(* Writing X = [[a, q], [cnj q, d]] and delta = det X = a d - |q|^2 >= 0, one has det A = delta^2,
   tr A + 2 delta = (a + d)^2 and, by Cayley--Hamilton, A + delta I = (a + d) X. *)
lemma psd_root_unique:
  assumes X: "psd X" and XA: "X ** X = A"
  shows "X = root2 A"
proof -
  note P = psd_entries[OF X]
  define a d q where "a = Re (X$1$1)" and "d = Re (X$2$2)" and "q = X$1$2"
  define \<delta> where "\<delta> = a * d - (cmod q)^2"
  have X11: "X$1$1 = of_real a" and X22: "X$2$2 = of_real d" and X21: "X$2$1 = cnj q"
    using P by (simp_all add: a_def d_def q_def complex_eq_iff)
  have nonneg: "a \<ge> 0" "d \<ge> 0" "\<delta> \<ge> 0"
    using P by (simp_all add: a_def d_def q_def \<delta>_def)
  have qq: "q * cnj q = of_real ((cmod q)^2)" "cnj q * q = of_real ((cmod q)^2)"
    using complex_norm_square[of q] by (simp_all add: mult.commute)
  have AX: "A$i$j = X$i$1 * X$1$j + X$i$2 * X$2$j" for i j
    using XA by (auto simp: mat_mult_2_nth)
  have A11: "A$1$1 = of_real (a^2 + (cmod q)^2)" and A22: "A$2$2 = of_real (d^2 + (cmod q)^2)"
    and A12: "A$1$2 = of_real (a + d) * q" and A21: "A$2$1 = of_real (a + d) * cnj q"
    unfolding AX X11 X22 X21 q_def[symmetric] using qq
    by (simp_all add: power2_eq_square algebra_simps)
  have "Re (det2 A) = (a^2 + (cmod q)^2) * (d^2 + (cmod q)^2) - (a + d)^2 * (cmod q)^2"
    unfolding det2_def A11 A12 A21 A22 using qq
    by (simp add: power2_eq_square mult.assoc mult.left_commute[of q])
  also have "\<dots> = \<delta>^2"
    by (simp add: \<delta>_def power2_eq_square algebra_simps)
  finally have det: "sqrt_det A = \<delta>"
    using nonneg by (simp add: sqrt_det_def)
  have "Re (mtrace A) + 2 * sqrt_det A = (a + d)^2"
    by (simp add: mtrace_def sum_2 A11 A22 det \<delta>_def power2_eq_square algebra_simps)
  then have tr: "sqrt (Re (mtrace A) + 2 * sqrt_det A) = a + d"
    using nonneg by simp
  text \<open>Cayley--Hamilton for the Hermitian matrix X: X^2 + det X = tr X * X.\<close>
  have CH: "A + \<delta> *\<^sub>R mat 1 = (a + d) *\<^sub>R X"
    unfolding qmat_eq_iff
    by (simp add: mat_def A11 A12 A21 A22 X11 X22 X21 q_def[symmetric] \<delta>_def
        complex_scaleR power2_eq_square algebra_simps)
  show ?thesis
  proof (cases "a + d = 0")
    case True
    then have "a = 0" "d = 0" using nonneg by auto
    then have "q = 0" using nonneg by (simp add: \<delta>_def)
    then show ?thesis
      using \<open>a = 0\<close> \<open>d = 0\<close> True by (simp add: root2_def tr qmat_eq_iff X11 X22 X21 q_def)
  next
    case False
    then show ?thesis
      unfolding root2_def tr unfolding det CH by simp
  qed
qed

lemma msqrt_eqI:
  assumes "psd X" "X ** X = A"
  shows "msqrt A = X"
  unfolding msqrt_def
proof (rule the_equality)
  show "psd X \<and> X ** X = A" using assms by simp
next
  fix Y assume "psd Y \<and> Y ** Y = A"
  then show "Y = X" using psd_root_unique assms by metis
qed

(* Measurability of msqrt: it agrees with the Borel function root2 on the Borel set
   of matrices having a PSD square root and is constant elsewhere. *)
lemma psd_closed: "closed {A::qmat. psd A}"
proof -
  have "{A::qmat. psd A} = (\<Inter>v. {A. Im (\<Sum>i\<in>UNIV. cnj (v$i) * (A *v v)$i) = 0}
                                \<inter> {A. 0 \<le> Re (\<Sum>i\<in>UNIV. cnj (v$i) * (A *v v)$i)})"
    by (auto simp: psd_def Let_def)
  also have "closed \<dots>"
    by (intro closed_INT ballI closed_Int closed_Collect_eq closed_Collect_le)
       (simp_all add: matrix_vector_mult_def, (intro continuous_intros)+)
  finally show ?thesis .
qed

lemma root2_measurable [measurable]: "root2 \<in> borel_measurable borel"
proof -
  have [measurable]: "sqrt_det \<in> borel_measurable borel" "mtrace \<in> borel_measurable borel"
    unfolding sqrt_det_def[abs_def] det2_def mtrace_def
    by (intro borel_measurable_continuous_onI continuous_intros)+
  show ?thesis unfolding root2_def[abs_def] by measurable
qed

(* The matrices possessing a PSD square root (necessarily root2); outside this set msqrt
   is the constant junk value of the definite description. *)
definition has_psd_root :: "qmat set" where
  "has_psd_root = {A. psd (root2 A) \<and> root2 A ** root2 A = A}"
(* Let $r_0\in\mathbb{R}^7$ and let $\vartheta:\mathbb{R}^7\times\mathbb{R}^2\to\mathbb{R}$ be a function such that (i) for every $z=(z_1,z_2)\in\mathbb{R}^2$: $\vartheta(r_0,z)\le 0$ if and only if there exist $t_f\in[0,\infty)$ and $(\mathbf r,\mathbf u)\in\Pi^{\mathcal K,\mathcal C}_{r_0,t_f}$ with $J_1(\mathbf r(1),t_f)\le z_1$ and $J_2(\mathbf r(1),t_f)\le z_2$; (ii) for all $z,z'\in\mathbb{R}^2$ with $z\le z'$ (componentwise), $\vartheta(r_0,z)\ge\vartheta(r_0,z')$. Let $z^*(r_0)=(z^*_1(r_0),z^*_2(r_0))$ be the utopian point and assume $\Pi^{\mathcal K,\mathcal C}_{r_0,z_2^*(r_0)}\neq\emptyset$. For $\mu=(\mu_1,\mu_2)\in[0,1]^2$ define $$\Theta_{r_0}(\mu):=\inf\Big\{\tau\ge 0\;:\;\vartheta(r_0,z^*(r_0)+\mu\tau)\le 0\ \text{and}\ \tau<\tfrac{m_{\mathrm{prop}}}{\mu_1}\Big\}\in[0,\infty],$$ and $$\Sigma_{r_0}:=\Big\{z^*(r_0)+\mu\,\Theta_{r_0}(\mu)\;:\;\mu\in[0,1]^2,\ \mu_1+\mu_2=1\Big\}.$$ Then every trajectory reconstructed from $\Sigma_{r_0}$ is weakly Pareto optimal: if $z\in\Sigma_{r_0}$, $t_f\in[0,\infty)$ and $(\mathbf r,\mathbf u)\in\Pi^{\mathcal K,\mathcal C}_{r_0,t_f}$ satisfy $J(\mathbf r(1),t_f)\le z$, then there is no $\hat t_f\in[0,\infty)$ and no $(\mathbf x,\mathbf v)\in\Pi^{\mathcal K,\mathcal C}_{r_0,\hat t_f}$ with $J(\mathbf x(1),\hat t_f)<J(\mathbf r(1),t_f)$.
   Context: Fixed data: a rotation rate $\Omega\ge 0$, an exhaust velocity $v_{e}>0$, masses $m_{\mathrm{dry}}>0$, $m_{\mathrm{prop}}>0$ with $m_{\min}:=m_{\mathrm{dry}}$, $m_{\max}:=m_{\mathrm{dry}}+m_{\mathrm{prop}}$, radii $0<\rho_{\min}<\rho_{\max}$, a gravitational potential $U:\mathbb{R}^3\to\mathbb{R}$ with partial derivatives $U_x,U_y,U_z$, and a control set $\mathcal U\subset\mathbb{R}^3$. States are $r=(x,y,z,v_x,v_y,v_z,m)\in\mathbb{R}^7$ and the dynamics are $\tilde f(r,u)=\big(v_x,\ v_y,\ v_z,\ U_x(x,y,z)+\Omega^2x+2\Omega v_y+\tfrac{u_x}{m},\ U_y(x,y,z)+\Omega^2y-2\Omega v_x+\tfrac{u_y}{m},\ U_z(x,y,z)+\tfrac{u_z}{m},\ -\tfrac{\sqrt{u_x^2+u_y^2+u_z^2}}{v_e}\big)$ for $u=(u_x,u_y,u_z)\in\mathcal U$. For $t_f\ge0$ put $f(r,u,t_f):=t_f\,\tilde f(r,u)$ (time rescaled to $[0,1]$). $\mathcal U_{ad}$ is the set of Lebesgue measurable functions with values in $\mathcal U$. $\mathcal K_0:=\{r\in\mathbb{R}^7:\sqrt{x^2+y^2+z^2}\in[\rho_{\min},\rho_{\max}],\ m\in(m_{\min},m_{\max}]\}$ and $\mathcal K:=\{r\in\mathcal K_0:\exists u\in\mathcal U,\ \tilde f(r,u)\cdot\eta_r<0\}$, where $\eta_r$ is the exterior normal to $\mathcal K$ at $r$. Given $r_{\mathrm{target}}\in\mathbb{R}^7$ and $\epsilon>0$, $\mathcal C:=\{r\in\mathcal K:|r_{\mathrm{target}}-r|<\epsilon\}$, assumed nonempty and closed. $\Pi_{r_0,t_f}$ is the set of pairs $(\mathbf r,\mathbf u)$ with $\mathbf r\in W^{1,1}([0,1];\mathbb{R}^7)$, $\mathbf u\in\mathcal U_{ad}$, $\dot{\mathbf r}(s)=f(\mathbf r(s),\mathbf u(s),t_f)$ for $s\in[0,1]$, $\mathbf r(0)=r_0$. $\Pi^{\mathcal K,\mathcal C}_{r_0,t_f}$ is the subset with $\mathbf r(s)\in\mathcal K$ for all $s\in[0,1]$ and $\mathbf r(1)$ in the interior of $\mathcal C$. $\pi:=\{(r_0,t_f)\in\mathcal K\times[0,\infty):\Pi^{\mathcal K,\mathcal C}_{r_0,t_f}\ne\emptyset\}$. Objectives: $J(r_f,t_f)=(J_1,J_2)$ with $J_1(r_f,t_f):=-(r_f)_7$ (minus the final mass) and $J_2(r_f,t_f):=t_f$. Vector order: $a\le b$ iff $a_i\le b_i$ for all $i$; $a<b$ iff $a_i<b_i$ for all $i$. Utopian point: $z_i^*(r_0):=\inf\{J_i(\mathbf r(1),t_f): (r_0,t_f)\in\pi,\ (\mathbf r,\mathbf u)\in\Pi^{\mathcal K,\mathcal C}_{r_0,t_f}\}$, $i=1,2$. *)

theory Defs
  imports "HOL-Analysis.Analysis"
begin

text \<open>States are vectors in real^7; component i (i = 1..7) is r $ i
  (type 7 has the seven distinct elements 1,...,6,7=0).
  Controls are vectors in real^3 with components u $ 1, u $ 2, u $ 3.\<close>

record mission =
  Omega    :: real
  v_e      :: real
  m_dry    :: real
  m_prop   :: real
  rho_min  :: real
  rho_max  :: real
  pot      :: "real \<Rightarrow> real \<Rightarrow> real \<Rightarrow> real"
  pot_x    :: "real \<Rightarrow> real \<Rightarrow> real \<Rightarrow> real"
  pot_y    :: "real \<Rightarrow> real \<Rightarrow> real \<Rightarrow> real"
  pot_z    :: "real \<Rightarrow> real \<Rightarrow> real \<Rightarrow> real"
  ctrl_set :: "(real^3) set"
  r_target :: "real^7"
  eps      :: real

definition valid_mission :: "mission \<Rightarrow> bool" where
  "valid_mission P \<longleftrightarrow>
     Omega P \<ge> 0 \<and> v_e P > 0 \<and> m_dry P > 0 \<and> m_prop P > 0 \<and>
     0 < rho_min P \<and> rho_min P < rho_max P \<and> eps P > 0 \<and>
     (\<forall>x y z. ((\<lambda>t. pot P t y z) has_real_derivative pot_x P x y z) (at x)) \<and>
     (\<forall>x y z. ((\<lambda>t. pot P x t z) has_real_derivative pot_y P x y z) (at y)) \<and>
     (\<forall>x y z. ((\<lambda>t. pot P x y t) has_real_derivative pot_z P x y z) (at z))"

definition m_min :: "mission \<Rightarrow> real" where "m_min P = m_dry P"
definition m_max :: "mission \<Rightarrow> real" where "m_max P = m_dry P + m_prop P"

definition ftil :: "mission \<Rightarrow> real^7 \<Rightarrow> real^3 \<Rightarrow> real^7" where
  "ftil P r u = vector
     [ r$4, r$5, r$6,
       pot_x P (r$1) (r$2) (r$3) + (Omega P)\<^sup>2 * r$1 + 2 * Omega P * r$5 + u$1 / r$7,
       pot_y P (r$1) (r$2) (r$3) + (Omega P)\<^sup>2 * r$2 - 2 * Omega P * r$4 + u$2 / r$7,
       pot_z P (r$1) (r$2) (r$3) + u$3 / r$7,
       - sqrt ((u$1)\<^sup>2 + (u$2)\<^sup>2 + (u$3)\<^sup>2) / v_e P ]"

definition fdyn :: "mission \<Rightarrow> real^7 \<Rightarrow> real^3 \<Rightarrow> real \<Rightarrow> real^7" where
  "fdyn P r u tf = tf *\<^sub>R ftil P r u"

definition radius :: "real^7 \<Rightarrow> real" where
  "radius r = sqrt ((r$1)\<^sup>2 + (r$2)\<^sup>2 + (r$3)\<^sup>2)"

definition K0 :: "mission \<Rightarrow> (real^7) set" where
  "K0 P = {r. rho_min P \<le> radius r \<and> radius r \<le> rho_max P \<and>
              m_min P < r$7 \<and> r$7 \<le> m_max P}"

text \<open>Exterior (unit) normals of K0 at r: one for each active boundary
  constraint (outer sphere, inner sphere, full-mass face).\<close>
definition ext_normals :: "mission \<Rightarrow> real^7 \<Rightarrow> (real^7) set" where
  "ext_normals P r =
     {\<eta>. (radius r = rho_max P \<and>
            \<eta> = vector [r$1 / radius r, r$2 / radius r, r$3 / radius r, 0, 0, 0, 0]) \<or>
         (radius r = rho_min P \<and>
            \<eta> = vector [- r$1 / radius r, - r$2 / radius r, - r$3 / radius r, 0, 0, 0, 0]) \<or>
         (r$7 = m_max P \<and> \<eta> = vector [0, 0, 0, 0, 0, 0, 1])}"

definition Kset :: "mission \<Rightarrow> (real^7) set" where
  "Kset P = {r \<in> K0 P. \<exists>u \<in> ctrl_set P. \<forall>\<eta> \<in> ext_normals P r. ftil P r u \<bullet> \<eta> < 0}"

definition Cset :: "mission \<Rightarrow> (real^7) set" where
  "Cset P = {r \<in> Kset P. norm (r_target P - r) < eps P}"

text \<open>Admissible state/control pairs: u Lebesgue measurable on [0,1] with
  values in the control set, r a W^{1,1} (absolutely continuous) solution,
  i.e. r(s) = r0 + integral of the (integrable) dynamics from 0 to s.\<close>
definition Pi_set :: "mission \<Rightarrow> real^7 \<Rightarrow> real \<Rightarrow>
    ((real \<Rightarrow> real^7) \<times> (real \<Rightarrow> real^3)) set" where
  "Pi_set P r0 tf = {(r, u).
     u \<in> borel_measurable (lebesgue_on {0..1}) \<and>
     (\<forall>s \<in> {0..1}. u s \<in> ctrl_set P) \<and>
     (\<lambda>s. fdyn P (r s) (u s) tf) absolutely_integrable_on {0..1} \<and>
     (\<forall>s \<in> {0..1}. r s = r0 + integral {0..s} (\<lambda>\<sigma>. fdyn P (r \<sigma>) (u \<sigma>) tf))}"

definition Pi_KC :: "mission \<Rightarrow> real^7 \<Rightarrow> real \<Rightarrow>
    ((real \<Rightarrow> real^7) \<times> (real \<Rightarrow> real^3)) set" where
  "Pi_KC P r0 tf = {(r, u) \<in> Pi_set P r0 tf.
     (\<forall>s \<in> {0..1}. r s \<in> Kset P) \<and> r 1 \<in> interior (Cset P)}"

definition pi_set :: "mission \<Rightarrow> ((real^7) \<times> real) set" where
  "pi_set P = {(r0, tf). r0 \<in> Kset P \<and> tf \<ge> 0 \<and> Pi_KC P r0 tf \<noteq> {}}"

definition J1 :: "real^7 \<Rightarrow> real \<Rightarrow> real" where "J1 rf tf = - rf$7"
definition J2 :: "real^7 \<Rightarrow> real \<Rightarrow> real" where "J2 rf tf = tf"

definition z1star :: "mission \<Rightarrow> real^7 \<Rightarrow> real" where
  "z1star P r0 = Inf {J1 (r 1) tf | r u tf. (r0, tf) \<in> pi_set P \<and> (r, u) \<in> Pi_KC P r0 tf}"
definition z2star :: "mission \<Rightarrow> real^7 \<Rightarrow> real" where
  "z2star P r0 = Inf {J2 (r 1) tf | r u tf. (r0, tf) \<in> pi_set P \<and> (r, u) \<in> Pi_KC P r0 tf}"

text \<open>Theta_{r0}(mu) in [0,infinity]; m_prop/mu_1 is taken in the extended
  reals, so that it equals infinity when mu_1 = 0.\<close>
definition Theta :: "mission \<Rightarrow> (real^7 \<Rightarrow> real \<times> real \<Rightarrow> real) \<Rightarrow> real^7 \<Rightarrow>
    real \<times> real \<Rightarrow> ereal" where
  "Theta P \<theta> r0 \<mu> = Inf {ereal \<tau> | \<tau>. \<tau> \<ge> 0 \<and>
      \<theta> r0 (z1star P r0 + fst \<mu> * \<tau>, z2star P r0 + snd \<mu> * \<tau>) \<le> 0 \<and>
      ereal \<tau> < ereal (m_prop P) / ereal (fst \<mu>)}"

definition Sigma_set :: "mission \<Rightarrow> (real^7 \<Rightarrow> real \<times> real \<Rightarrow> real) \<Rightarrow> real^7 \<Rightarrow>
    (ereal \<times> ereal) set" where
  "Sigma_set P \<theta> r0 = {(ereal (z1star P r0) + ereal (fst \<mu>) * Theta P \<theta> r0 \<mu>,
                          ereal (z2star P r0) + ereal (snd \<mu>) * Theta P \<theta> r0 \<mu>) | \<mu>.
      0 \<le> fst \<mu> \<and> fst \<mu> \<le> 1 \<and> 0 \<le> snd \<mu> \<and> snd \<mu> \<le> 1 \<and> fst \<mu> + snd \<mu> = 1}"

end

theory Submission
  imports Defs
begin

text \<open>Every attainable objective vector lies componentwise above the utopian point \<open>z\<^sup>*\<close>.
  For \<open>\<mu>\<close> with positive entries, a minimal-time trajectory is dominated by a point of the
  ray \<open>z\<^sup>* + \<mu> \<tau>\<close> with \<open>\<tau>\<close> below the mass bound, so \<open>\<Theta>(\<mu>)\<close> is finite. If a trajectory
  \<open>x\<close> strictly improved on a point dominated by \<open>z\<^sup>* + \<mu> \<Theta>(\<mu>)\<close>, then \<open>J(x)\<close> would
  be dominated by \<open>z\<^sup>* + \<mu> \<tau>\<close> for an admissible \<open>\<tau> < \<Theta>(\<mu>)\<close>, contradicting the
  minimality of \<open>\<Theta>(\<mu>)\<close>. If an entry of \<open>\<mu>\<close> vanishes, the corresponding component
  of the point is the utopian value itself, which no trajectory improves on strictly.\<close>

lemma Pi_KC_endpoints_in_Kset:
  assumes "(x, v) \<in> Pi_KC P r0 tf"
  shows "r0 \<in> Kset P" "x 1 \<in> Kset P"
proof -
  have "x 0 = r0 + integral {0..0} (\<lambda>\<sigma>. fdyn P (x \<sigma>) (v \<sigma>) tf)"
    using assms unfolding Pi_KC_def Pi_set_def by auto
  then have "x 0 = r0" by simp
  moreover have "x 0 \<in> Kset P" "x 1 \<in> Kset P"
    using assms unfolding Pi_KC_def by auto
  ultimately show "r0 \<in> Kset P" "x 1 \<in> Kset P" by auto
qed

lemma J1_final_bounds:
  assumes "(x, v) \<in> Pi_KC P r0 tf"
  shows "- m_max P \<le> J1 (x 1) tf" "J1 (x 1) tf < - m_min P"
  using Pi_KC_endpoints_in_Kset(2)[OF assms] unfolding Kset_def K0_def J1_def by auto

lemma pi_setI:
  assumes "(x, v) \<in> Pi_KC P r0 tf" "tf \<ge> 0"
  shows "(r0, tf) \<in> pi_set P"
  using assms Pi_KC_endpoints_in_Kset(1)[OF assms(1)] unfolding pi_set_def by auto

lemma z1star_le_J1:
  assumes "(x, v) \<in> Pi_KC P r0 tf" "tf \<ge> 0"
  shows "z1star P r0 \<le> J1 (x 1) tf"
  unfolding z1star_def
proof (rule cInf_lower)
  show "J1 (x 1) tf \<in> {J1 (r 1) tf | r u tf. (r0, tf) \<in> pi_set P \<and> (r, u) \<in> Pi_KC P r0 tf}"
    using assms pi_setI[OF assms] by blast
  show "bdd_below {J1 (r 1) tf | r u tf. (r0, tf) \<in> pi_set P \<and> (r, u) \<in> Pi_KC P r0 tf}"
    using J1_final_bounds(1) by (intro bdd_belowI[of _ "- m_max P"]) blast
qed

lemma z2star_le_J2:
  assumes "(x, v) \<in> Pi_KC P r0 tf" "tf \<ge> 0"
  shows "z2star P r0 \<le> J2 (x 1) tf"
  unfolding z2star_def
proof (rule cInf_lower)
  show "J2 (x 1) tf \<in> {J2 (r 1) tf | r u tf. (r0, tf) \<in> pi_set P \<and> (r, u) \<in> Pi_KC P r0 tf}"
    using assms pi_setI[OF assms] by blast
  show "bdd_below {J2 (r 1) tf | r u tf. (r0, tf) \<in> pi_set P \<and> (r, u) \<in> Pi_KC P r0 tf}"
    unfolding J2_def pi_set_def by (intro bdd_belowI[of _ 0]) auto
qed

lemma z1star_ge_neg_m_max:
  assumes "(x, v) \<in> Pi_KC P r0 tf" "tf \<ge> 0"
  shows "- m_max P \<le> z1star P r0"
  unfolding z1star_def
proof (rule cInf_greatest)
  show "{J1 (r 1) tf | r u tf. (r0, tf) \<in> pi_set P \<and> (r, u) \<in> Pi_KC P r0 tf} \<noteq> {}"
    using assms pi_setI[OF assms] by blast
qed (use J1_final_bounds(1) in blast)
(* Consider, for $x\ge0$, the planar system $$\dot x=1,\qquad \dot y=-ay-\sin\!\left[\pi x\left(1+\tfrac12\lambda\right)\right],$$ with $\lambda=\operatorname{sign}(y)$ for $y\ne0$ and $\lambda\in(-1,1)$ on $y=0$. For all $a>0$ there exist solutions that start in $S_+=\{y>0\}$ and whose evolution is constrained to $\overline S_-=\{y\le0\}$ for all $x>x_{T_a}$, where $x_{T_a}$ denotes the smallest $x$ at which they hit the switching line $y=0$. Moreover, these solutions coincide with the periodic solution $y_d$ described below for $x\ge 4n$, for some $n\in\mathbb{N}$.
   Context: For $y>0$ the system is $\dot y=-ay-\sin(3\pi x/2)$ and for $y<0$ it is $\dot y=-ay-\sin(\pi x/2)$. The sliding manifold is $\Lambda^N=\{(x,0):x\in(\frac{2n}{3},2n),\ n\ge1\}$; a solution may remain on $y=0$ (with $\dot x=1$) over an interval only while on $\Lambda^N$. The function $y_d$ is the sliding $4$-periodic solution lying in $\{y\le0\}$ with $y_d(x)<0$ for $x\in(4n,4n+x_a)$ and $y_d(x)=0$ for $x\in\{0\}\cup[4n+x_a,4(n+1)]$, $n\in\mathbb{N}$, where $x_a\in(2,4)$ is the first positive return to $y=0$ of the solution of $\dot y=-ay-\sin(\pi x/2)$, $y(0)=0$. *)

theory Defs
  imports "HOL-Analysis.Analysis"
begin
lemma orthonormal_common_eigenbasis:
  fixes A :: "nat \<Rightarrow> complex^'n^'n"
  assumes normal: "\<And>i. i \<le> k \<Longrightarrow> normal_matrix (A i)"
    and commute: "\<And>i j. i \<le> k \<Longrightarrow> j \<le> k \<Longrightarrow> A i ** A j = A j ** A i"
  obtains U :: "'n \<Rightarrow> complex^'n" and lam
  where "orthonormal_on UNIV U" "\<And>i j. i \<le> k \<Longrightarrow> A i *v U j = lam i j *s U j"
proof -
  have "\<exists>U::'n \<Rightarrow> complex^'n. orthonormal_on S U \<and> (\<forall>i\<le>k. \<forall>j\<in>S. \<exists>l. A i *v U j = l *s U j)"
    for S :: "'n set"
  proof (induction S rule: finite_induct[OF finite])
    case 1
    then show ?case
      by (simp add: orthonormal_on_def)
  next
    case (2 a S)
    then obtain U where U: "orthonormal_on S U" "\<forall>i\<le>k. \<forall>j\<in>S. \<exists>l. A i *v U j = l *s U j"
      by blast
    have "S \<noteq> UNIV"
      using 2(2) by blast
    obtain u where u: "norm u = 1" "\<forall>j\<in>S. cinner (U j) u = 0" "\<forall>i\<le>k. \<exists>l. A i *v u = l *s u"
      by (rule common_eigenvector_orthogonal[where A=A and k=k and S=S and U=U, OF normal commute])
        (use U(2) \<open>S \<noteq> UNIV\<close> in auto)
    then have "orthonormal_on (insert a S) (U(a := u))"
      using orthonormal_on_insert[OF U(1) 2(2)] by (simp add: cinner_self)
    moreover have "\<forall>i\<le>k. \<forall>j\<in>insert a S. \<exists>l. A i *v (U(a := u)) j = l *s (U(a := u)) j"
      using U(2) u(3) by auto
    ultimately show ?case
      by blast
  qed
  from this[of UNIV] obtain U :: "'n \<Rightarrow> complex^'n"
    where U: "orthonormal_on UNIV U" "\<forall>i\<le>k. \<forall>j. \<exists>l. A i *v U j = l *s U j"
    by blast
  define lam where "lam i j = (SOME l. A i *v U j = l *s U j)" for i j
  have "A i *v U j = lam i j *s U j" if "i \<le> k" for i j
    unfolding lam_def by (rule someI_ex) (use U(2) that in blast)
  with U(1) show ?thesis
    by (rule that)
qed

------------------------------------------------------------

Which lines above contain "finally"? Show each of them.

Task output:
  finally have det: "sqrt_det A = \<delta>"
  finally show ?thesis .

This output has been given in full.